Ending the Shame Around Having a Picky Eater
True story 1. I was the kid who liked all my foods to be separate on my plate. I’d eat each one on its own and would sometimes get upset if the different foods touched. I have a vivid memory of my grandmother watching me eat a meal she had made food by food and then her exploding, “You are RUINING my meal!” I was the kid who had a long list of foods I wouldn’t eat: mushrooms, tomatoes (unless they were in a sauce), avocados, olives, cream cheese, raw onions, strawberries, etc.
True story 2. My husband was so picky about texture and color as a toddler that my mother-in-law freaked out one day, threw out his food, and filled his plate with rocks because they weren’t “too green, too red, or too soft.”
True story 3. My son who is more adventurous when it comes to food can taste even the slightest hint of ginger and will then refuse to eat any more.
True story 4. My pickier son has at one point or another spat out food, refused to take even a bite of something new, and declared that he hates all green foods.
Why do I share all of that? Because I am sick and tired of witnessing (and experiencing myself) the shame that some parents feel about their picky eater and so I thought I would just put my own experience out there for everyone to see. I have definitely been nervous at friends’ houses about how my kids will react to food; terrified that someone will judge or be offended when my kid doesn’t eat everything given to him. I have had numerous friends apologize to me (unnecessarily) when their kids won’t eat food I prepared. Why do we do that? Why do we feel this shame?
When we stop to think about it, when we really stop to think about it, we know that many kids (and many adults) have foods that they refuse to eat. There are evolutionary explanations, sensory explanations, and social explanations for why this is the case, but no matter what the reason, when your kid is the one who is refusing to eat it can be incredibly embarrassing.
We, as parents, often feel that somehow we have failed and, quite honestly, many of the experts imply or even directly say that this is the case.
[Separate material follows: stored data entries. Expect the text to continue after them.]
lemma integral_square_mult_pdx:
  assumes "smooth_hp u" "decays_hp u" "t \<ge> 0"
  shows "integrable lborel (\<lambda>x. (u t x)^2 * pdx u t x)"
    and "(LINT x|lborel. (u t x)^2 * pdx u t x) = 0"
proof -
  have u': "((\<lambda>y. u t y) has_real_derivative pdx u t x) (at x)" for x
    using smooth_hpD(3)[OF assms(1,3), of "[]"] by simp
  have cont: "continuous_on UNIV (u t)" "continuous_on UNIV (pdx u t)"
    using continuous_on_pD_space[OF assms(1,3), of "[]"] continuous_on_pD_space[OF assms(1,3), of "[Dx]"]
    by simp_all
  define K where "K = L2sq (u t) + L2sq (pdx u t)"
  have "(u t x)^2 \<le> K" for x
    using pD_square_le_L2sq[OF assms, of 1 "[]" x] by (simp add: K_def)
  then have bound: "\<bar>u t x\<bar> \<le> sqrt K" for x
    using real_sqrt_le_mono by fastforce
  show int: "integrable lborel (\<lambda>x. (u t x)^2 * pdx u t x)"
  proof (rule Bochner_Integration.integrable_bound)
    show "integrable lborel (\<lambda>x. sqrt K * (u t x * pdx u t x))"
      using integrable_pD_mult[OF assms, of "[]" "[Dx]"] by simp
    show "AE x in lborel. norm ((u t x)^2 * pdx u t x) \<le> norm (sqrt K * (u t x * pdx u t x))"
    proof (intro AE_I2)
      fix x
      have "\<bar>(u t x)^2 * pdx u t x\<bar> = \<bar>u t x\<bar> * \<bar>u t x * pdx u t x\<bar>"
        by (simp add: abs_mult power2_eq_square)
      also have "\<dots> \<le> sqrt K * \<bar>u t x * pdx u t x\<bar>"
        by (rule mult_right_mono[OF bound]) simp
      finally show "norm ((u t x)^2 * pdx u t x) \<le> norm (sqrt K * (u t x * pdx u t x))"
        using order_trans[OF abs_ge_zero bound] by (simp add: abs_mult)
    qed
  qed (use cont in \<open>auto intro!: borel_measurable_continuous_onI continuous_intros\<close>)
  show "(LINT x|lborel. (u t x)^2 * pdx u t x) = 0"
  proof (rule integral_deriv_eq_0_if_vanishing_at_infinity[where F = "\<lambda>x. (u t x)^3 / 3"])
    show "((\<lambda>x. (u t x)^3 / 3) has_real_derivative (u t x)^2 * pdx u t x) (at x)" for x
      using DERIV_power[OF u'[of x], of 3] by (auto intro: derivative_eq_intros simp: mult_ac)
    show "((\<lambda>x. (u t x)^3 / 3) \<longlongrightarrow> 0) at_top" "((\<lambda>x. (u t x)^3 / 3) \<longlongrightarrow> 0) at_bot"
      using pD_tendsto_0[OF assms(2,3), of "[]"]
      by (auto intro!: tendsto_eq_intros)
  qed (use cont int in \<open>auto intro!: continuous_intros\<close>)
qed
(* Let $d,k$ be integers with $2 \leq d \leq \frac{k+1}{2}$, let $\Sigma_k=\{\sigma_1,\ldots,\sigma_k\}$ and $\Sigma_d=\{\sigma_1,\ldots,\sigma_d\}$. Consider two users over the alphabet $\Sigma_k$, where user 1 has confusion graph $G_1=(\Sigma_k,\{ab \mid a\in\Sigma_k,\ b\in\Sigma_k\setminus\Sigma_d,\ a\neq b\})$ and user 2 has the complement confusion graph $G_2=\overline{G_1}=(\Sigma_k,\{ab\mid a,b\in\Sigma_d,\ a\neq b\})$. Then for every $\alpha\in[0,1]$ the rate vector $(\alpha\log_2 d,\ (1-\alpha)\log_2(k-d+1))$ is optimal.
   Context: Setting: a sender broadcasts a word of length $n$ over a finite alphabet $\Sigma$ to $r$ users; user $i$ has a confusion graph $G_i$ on vertex set $\Sigma$, where $ab$ is an edge iff user $i$ cannot distinguish letters $a$ and $b$. Two words $x,y\in\Sigma^n$ are distinguishable by user $i$ if there is a coordinate $t$ with $x_t\neq y_t$ and $x_ty_t$ not an edge of $G_i$. A vector $(m_1,\ldots,m_r)$ of positive integers is feasible for length $n$ if there is a map $E:[m_1]\times\cdots\times[m_r]\to\Sigma^n$ such that for every $i$ and all tuples $a,a'$ with $a_i\neq a'_i$, the words $E(a)$ and $E(a')$ are distinguishable by user $i$. A rate vector $(R_1,\ldots,R_r)$ is feasible if there is a sequence of feasible vectors $(m_1^{(n)},\ldots,m_r^{(n)})$ for lengths $n\to\infty$ with $R_i=\lim_{n\to\infty}\frac{\log_2 m_i^{(n)}}{n}$ for all $i$. For two users, a rate vector is optimal if it is feasible and no user can increase his rate while the other user keeps the same rate. *)

theory Defs
  imports Complex_Main
begin

text \<open>Users are indexed 0..r-1; message tuples are functions a :: nat => nat with
  a i < m i for i < r (i.e. [m_i] = {0..<m_i}) and a i = 0 for i >= r.\<close>

definition words :: "'a set \<Rightarrow> nat \<Rightarrow> 'a list set" where
  "words Alph n = {x. length x = n \<and> set x \<subseteq> Alph}"
(* Suppose $1/d\le\lambda\le1$, and let $L=\{0\}\subset\mathbb R^d$ and $C=\mathbb R^d_{\ge0}$ (the positive orthant). When each entry of the parameter $\theta\in\mathbb R^d$ is independently observed $\mathrm{Poi}(\lambda)$ times and each observation is corrupted by independent standard Gaussian noise, we have \[ \inf_\psi\mathcal E(\psi;L,C,\epsilon)\ge\frac12\quad\text{whenever}\quad\epsilon^2\le\frac1{16}\sqrt{\frac d\lambda}. \]
   Context: Observation model: given $\theta\in\mathbb R^d$, draw counts $\kappa_1,\dots,\kappa_d$ i.i.d. $\mathrm{Poi}(\lambda)$ and, for each $i$, $\kappa_i$ independent observations $\theta_i+g$ with $g\sim\mathcal N(0,1)$ independent; $y$ denotes the full observation and $\mathbb E_\theta$ expectation under parameter $\theta$. For $C_1\subset C_2\subset\mathbb R^d$ and $\epsilon>0$, let $\mathbb B_2(C_1;\epsilon)=\{\theta:\inf_{x\in C_1}\|\theta-x\|_2\le\epsilon\}$, and for a measurable test $\psi$ of the observations with values in $\{0,1\}$, $\mathcal E(\psi;C_1,C_2,\epsilon)=\sup_{\theta\in C_1}\mathbb E_\theta[\psi(y)]+\sup_{\theta\in C_2\setminus\mathbb B_2(C_1;\epsilon)}\mathbb E_\theta[1-\psi(y)]$. The infimum is over all such tests. *)

theory Defs
  imports "HOL-Analysis.Analysis" "HOL-Probability.Probability"
begin

text \<open>Observation of a single coordinate: the pair (count k, sequence z), where
  z j for j < k are the k noisy observations and z j = undefined (constant) for j \<ge> k,
  so that a measurable test only sees the count and the first k observations.\<close>

definition coord_space :: "(nat \<times> (nat \<Rightarrow> real)) measure" where
  "coord_space = count_space UNIV \<Otimes>\<^sub>M (\<Pi>\<^sub>M j\<in>(UNIV::nat set). (borel :: real measure))"

definition std_gauss_shift :: "real \<Rightarrow> real measure" where
  "std_gauss_shift t = density lborel (normal_density t 1)"

definition coord_obs :: "real \<Rightarrow> real \<Rightarrow> (nat \<times> (nat \<Rightarrow> real)) measure" where
  "coord_obs lam t =
     measure_pmf (poisson_pmf lam) \<bind>
       (\<lambda>k. distr (\<Pi>\<^sub>M j\<in>{..<k}. std_gauss_shift t) coord_space (\<lambda>z. (k, z)))"

definition obs_space :: "('n::finite \<Rightarrow> nat \<times> (nat \<Rightarrow> real)) measure" where
  "obs_space = (\<Pi>\<^sub>M i\<in>UNIV. coord_space)"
We are too lenient, too permissive, too coddling. Or we are too pushy, too authoritarian, too insistent. Some say that it is the culture and that if we were only more like the French, Dutch, Chinese, our children wouldn’t be so picky. Maybe all of this is true, maybe none of it is true. But one thing that is true is that many of us parents have been the one with the kid who refuses to eat anything that is being offered, and most of us have felt shame about that. We have felt that we have failed.
But I say enough is enough with the shame. Let’s let go of that sense of failure. Let’s move on from the tension and anxiety. I think it is time for a reframing of picky eating. Instead of seeing it as a problem that needs to be fixed, let’s see it as one of the areas where we as parents can help our children to grow and expand their horizons. It is a lot like teaching them to swim. For some kids, just throwing them in the pool works, but for most kids we need to give them the tools to learn how to keep their heads above the water. Helping kids to learn to eat healthfully and happily is very similar. If we can equip them with the tools they need to experience and explore foods, then over time (and with patience towards them and ourselves) they can learn to enjoy and have a healthy relationship with food. They will start with the doggy paddle but with help, support, and guidance, eventually, they will learn to dive.